Gestern bin ich überhaupt nicht dazu gekommen, etwas zu schreiben, und ich habe auch nichts gekocht. Ich hatte ja am Donnerstag von meiner Saulaune berichtet. Gegen Abend wurde ich dann so müde, dass ich beinahe gleichzeitig mit meinem kleinen Sohn ins Bett gegangen bin, allerdings morgens um halb sieben merkte, dass ich immer noch müde wieder aufstand. Irgendwie ging mir die ganze Sache auf der Arbeit doch recht arg an die Nieren. Ich bin gespannt, wie lange ich das noch aushalte.

Freitag habe ich dann auch wieder einen recht "ärgerlichen" Tag am Schreibtisch zugebracht, aber die Aussicht auf einen Feierabend mit Wochenende half mir durch den Tag.

Mein Mann hatte sich abends zu einem "Herrenabend mit Grünkohl" verabschiedet. Das ist hier bei uns so eine eigentümliche Tradition. Ein ziemliches Gelage von Herren (Damen nicht zugelassen), die sich mit Bier und Grünkohl abfüllen. Ja, man fragt sich, was der Sinn und Zweck des ganzen ist ... es geht auf irgendwelche alten preußischen Riten zurück und muss wohl sein. Mein Mann jedenfalls geht vor allem wegen des Grünkohls hin, sagt er. ;-)

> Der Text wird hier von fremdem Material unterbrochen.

lemma inverse_entry_add_entry:
  fixes A :: "'a::field mat"
  assumes A: "A \<in> carrier_mat k k" "det A \<noteq> 0" and rl: "r < k" "l < k"
    and nz: "1 + w * inverse_entry A l r \<noteq> 0" and ij: "i < k" "j < k"
  shows "inverse_entry (add_entry A r l w) i j
    = inverse_entry A i j - w * inverse_entry A i r * inverse_entry A l j / (1 + w * inverse_entry A l r)"
proof -
  define B where "B = inverse_entry A"
  define q where "q = w / (1 + w * B l r)"
  define C where "C t j = B t j - q * B t r * B l j" for t j
  have "(\<Sum>t<k. add_entry A r l w $$ (i, t) * C t j) = (if i = j then 1 else 0)"
    if ij: "i < k" "j < k" for i j
  proof -
    have "(\<Sum>t<k. add_entry A r l w $$ (i, t) * C t j)
        = (\<Sum>t<k. A $$ (i, t) * C t j + (if t = l then if i = r then w * C l j else 0 else 0))"
      using A ij by (intro sum.cong) (auto simp: distrib_right)
    also have "\<dots> = (\<Sum>t<k. A $$ (i, t) * C t j) + (if i = r then w * C l j else 0)"
      using rl by (simp add: sum.distrib)
    also have "(\<Sum>t<k. A $$ (i, t) * C t j)
        = (\<Sum>t<k. A $$ (i, t) * B t j) - q * B l j * (\<Sum>t<k. A $$ (i, t) * B t r)"
      by (simp add: C_def right_diff_distrib sum_subtractf sum_distrib_left mult_ac)
    also have "w * C l j = q * B l j"
      using nz unfolding C_def q_def B_def by (simp add: field_simps)
    finally show ?thesis
      using mult_inverse_entry[OF A ij] mult_inverse_entry[OF A ij(1) rl(1)] unfolding B_def by auto
  qed
  moreover have "det (add_entry A r l w) \<noteq> 0"
    using A rl nz by (simp add: det_add_entry_inverse_entry)
  ultimately have "inverse_entry (add_entry A r l w) i j = C i j"
    using A ij by (intro inverse_entry_eqI add_entry_carrier_mat) auto
  then show ?thesis unfolding C_def q_def B_def by simp
qed

definition one_plus_mat :: "nat \<Rightarrow> (nat \<Rightarrow> nat \<Rightarrow> complex) \<Rightarrow> complex mat" where
  "one_plus_mat k M = 1\<^sub>m k + mat k k (\<lambda>(i, j). M i j)"

lemma one_plus_mat_carrier_mat: "one_plus_mat k M \<in> carrier_mat k k"
  unfolding one_plus_mat_def by simp

lemma inv_det_one_plus_mat: "inv_det k M = 1 / det (one_plus_mat k M)"
  unfolding inv_det_def one_plus_mat_def ..

lemma one_plus_mat_update:
  assumes "r < k" "l < k"
  shows "one_plus_mat k (M(r := (M r)(l := z))) = add_entry (one_plus_mat k M) r l (z - M r l)"
  using assms by (intro eq_matI) (auto simp: one_plus_mat_def)

lemma inv_det_permanent_update_entry:
  fixes k r l :: nat and M :: "nat \<Rightarrow> nat \<Rightarrow> complex" and z :: complex
  defines "B \<equiv> inverse_entry (one_plus_mat k M)" and "M' \<equiv> M(r := (M r)(l := z))"
    and "w \<equiv> z - M r l"
  assumes d: "det (one_plus_mat k M) \<noteq> 0" and X: "set X \<subseteq> {..<k}" and Y: "set_mset Y \<subseteq> {..<k}"
    and rl: "r < k" "l < k" and nz: "1 + w * B l r \<noteq> 0"
  shows "det (one_plus_mat k M') \<noteq> 0"
    and "inv_det k M' * permanent (inverse_entry (one_plus_mat k M')) X Y
      = inv_det k M / (1 + w * B l r) * permanent (\<lambda>i j. B i j - w * B i r * B l j / (1 + w * B l r)) X Y"
proof -
  have A: "one_plus_mat k M \<in> carrier_mat k k"
    by (rule one_plus_mat_carrier_mat)
  have M': "one_plus_mat k M' = add_entry (one_plus_mat k M) r l w"
    unfolding M'_def w_def using rl by (rule one_plus_mat_update)
  have det: "det (one_plus_mat k M') = det (one_plus_mat k M) * (1 + w * B l r)"
    unfolding M' B_def using A d rl by (rule det_add_entry_inverse_entry)
  then show "det (one_plus_mat k M') \<noteq> 0"
    using d nz by simp
  have "permanent (inverse_entry (one_plus_mat k M')) X Y
      = permanent (\<lambda>i j. B i j - w * B i r * B l j / (1 + w * B l r)) X Y"
    using A d rl nz X Y unfolding M' B_def
    by (intro permanent_cong inverse_entry_add_entry) auto
  then show "inv_det k M' * permanent (inverse_entry (one_plus_mat k M')) X Y
      = inv_det k M / (1 + w * B l r) * permanent (\<lambda>i j. B i j - w * B i r * B l j / (1 + w * B l r)) X Y"
    unfolding inv_det_one_plus_mat det by simp
qed

(* On the line m_rl := z, Sherman-Morrison turns the inverse of 1 + M into the rational function
   Bz below, with derivative -B e_r e_l^T B at z = m_rl, while 1/det has derivative -B_lr/det.
   By permanent_Cons_add_mset the two contributions add l to X and r to Y. *)
lemma pd_inv_det_permanent:
  assumes G: "\<And>M. det (one_plus_mat k M) \<noteq> 0 \<Longrightarrow>
      G M = s * inv_det k M * permanent (inverse_entry (one_plus_mat k M)) X Y"
    and X: "set X \<subseteq> {..<k}" and Y: "set_mset Y \<subseteq> {..<k}"
    and rl: "r < k" "l < k" and d: "det (one_plus_mat k M) \<noteq> 0"
  shows "pd r l G M
    = - s * inv_det k M * permanent (inverse_entry (one_plus_mat k M)) (l # X) (add_mset r Y)"
proof -
  define B where "B = inverse_entry (one_plus_mat k M)"
  define c where "c = B l r"
  define z0 where "z0 = M r l"
  define Bz where "Bz z i j = B i j - (z - z0) * B i r * B l j / (1 + (z - z0) * c)" for z i j
  define H where "H z = s * (inv_det k M / (1 + (z - z0) * c)) * permanent (Bz z) X Y" for z
  define T where "T = (\<Sum>y\<in>#Y. B l y * permanent B X (add_mset r (Y - {#y#})))"
  have G_line: "G (M(r := (M r)(l := z))) = H z" if "1 + (z - z0) * c \<noteq> 0" for z
    using G[OF inv_det_permanent_update_entry(1)] inv_det_permanent_update_entry(2)
      d X Y rl that
    unfolding H_def Bz_def B_def c_def z0_def by (simp add: mult.assoc)
  have Bz_z0: "Bz z0 = B"
    by (intro ext) (simp add: Bz_def)
  have "((\<lambda>z. s * (inv_det k M / (1 + (z - z0) * c))) has_field_derivative
      - s * inv_det k M * c) (at z0)"
    by (auto intro!: derivative_eq_intros)
  moreover have "((\<lambda>z. permanent (Bz z) X Y) has_field_derivative - T) (at z0)"
    unfolding T_def by (rule has_field_derivative_permanent_rank_one)
      (auto simp: Bz_def intro!: ext derivative_eq_intros)
  ultimately have "(H has_field_derivative
      - s * inv_det k M * c * permanent (Bz z0) X Y + - T * (s * (inv_det k M / (1 + (z0 - z0) * c)))) (at z0)"
    unfolding H_def by (rule DERIV_mult)
  moreover have "permanent B (l # X) (add_mset r Y) = c * permanent B X Y + T"
    unfolding permanent_Cons_add_mset T_def c_def ..
  ultimately have "(H has_field_derivative - s * inv_det k M * permanent B (l # X) (add_mset r Y)) (at z0)"
    unfolding Bz_z0 by (simp add: algebra_simps)
  then have "((\<lambda>z. G (M(r := (M r)(l := z)))) has_field_derivative
      - s * inv_det k M * permanent B (l # X) (add_mset r Y)) (at z0)"
    by (rule has_field_derivative_transform_within_open[where S = "{z. 1 + (z - z0) * c \<noteq> 0}"])
      (auto intro!: open_Collect_neq continuous_intros simp: G_line)
  then show ?thesis
    unfolding pd_def z0_def B_def by (rule DERIV_imp_deriv)
qed

definition pd_seq :: "(nat \<times> nat) list \<Rightarrow> ((nat \<Rightarrow> nat \<Rightarrow> complex) \<Rightarrow> complex)
    \<Rightarrow> ((nat \<Rightarrow> nat \<Rightarrow> complex) \<Rightarrow> complex)" where
  "pd_seq Es f = foldr (\<lambda>(r, l). pd r l) Es f"

lemma pd_seq_simps [simp]:
  "pd_seq [] f = f"
  "pd_seq ((r, l) # Es) f = pd r l (pd_seq Es f)"
  unfolding pd_seq_def by simp_all

lemma pd_seq_append: "pd_seq (Es @ Es') f = pd_seq Es (pd_seq Es' f)"
  unfolding pd_seq_def by simp

lemma funpow_pd_eq_pd_seq: "(pd r l ^^ n) f = pd_seq (replicate n (r, l)) f"
  by (induction n) auto

lemma pd_seq_inv_det:
  assumes "set Es \<subseteq> {..<k} \<times> {..<k}" and "det (one_plus_mat k M) \<noteq> 0"
  shows "pd_seq Es (inv_det k) M
    = (-1) ^ length Es * inv_det k M
      * permanent (inverse_entry (one_plus_mat k M)) (map snd Es) (mset (map fst Es))"
  using assms
proof (induction Es arbitrary: M)
  case Nil
  then show ?case by simp
next
  case (Cons e Es)
  obtain r l where e: "e = (r, l)" by fastforce
  have "pd r l (pd_seq Es (inv_det k)) M
    = - ((-1) ^ length Es) * inv_det k M
      * permanent (inverse_entry (one_plus_mat k M)) (l # map snd Es) (add_mset r (mset (map fst Es)))"
    using Cons e by (intro pd_inv_det_permanent) auto
  then show ?case using e by simp
qed

definition entry_list :: "nat \<Rightarrow> (nat \<Rightarrow> nat \<Rightarrow> nat) \<Rightarrow> (nat \<times> nat) list" where
  "entry_list k \<alpha> = concat (map (\<lambda>(r, l). replicate (\<alpha> r l) (r, l)) [(r, l). r \<leftarrow> [0..<k], l \<leftarrow> [0..<k]])"

lemma mpd_eq_pd_seq: "mpd k \<alpha> f = pd_seq (entry_list k \<alpha>) f"
proof -
  have "foldr (\<lambda>(r, l) g. (pd r l ^^ \<alpha> r l) g) L f
      = pd_seq (concat (map (\<lambda>(r, l). replicate (\<alpha> r l) (r, l)) L)) f" for L
    by (induction L) (auto simp: funpow_pd_eq_pd_seq pd_seq_append)
  then show ?thesis unfolding mpd_def entry_list_def .
qed

lemma entry_list_subset: "set (entry_list k \<alpha>) \<subseteq> {..<k} \<times> {..<k}"
  unfolding entry_list_def by auto

lemma sum_list_map_concat: "(\<Sum>x\<leftarrow>concat xss. f x) = (\<Sum>xs\<leftarrow>xss. \<Sum>x\<leftarrow>xs. f x)"
  by (induction xss) auto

Ergo waren Sohn und ich allein daheim und entschieden uns für einen "Abend mit Niggeligkeiten" – so nennen wir das, wenn wir es uns mit einem schönen Baguette, Kräuterbutter, Oliven, Räucherlachs, Käse und ein bisschen Wurst (Salami oder sowas) vor dem Fernseher gemütlich machen und einfach "niggeln" und irgendeinen schönen Film gucken. Wir haben "Dem Himmel so nah" angeschaut und ich war erstaunt, dass mein Sohn den Film nicht langweilig fand und bis zum Ende durchgehalten hat. *seufz* Was für eine herrliche Schnulze und Anthony Quinn in der Rolle des alten Opa auf dem Weingut … einfach genial!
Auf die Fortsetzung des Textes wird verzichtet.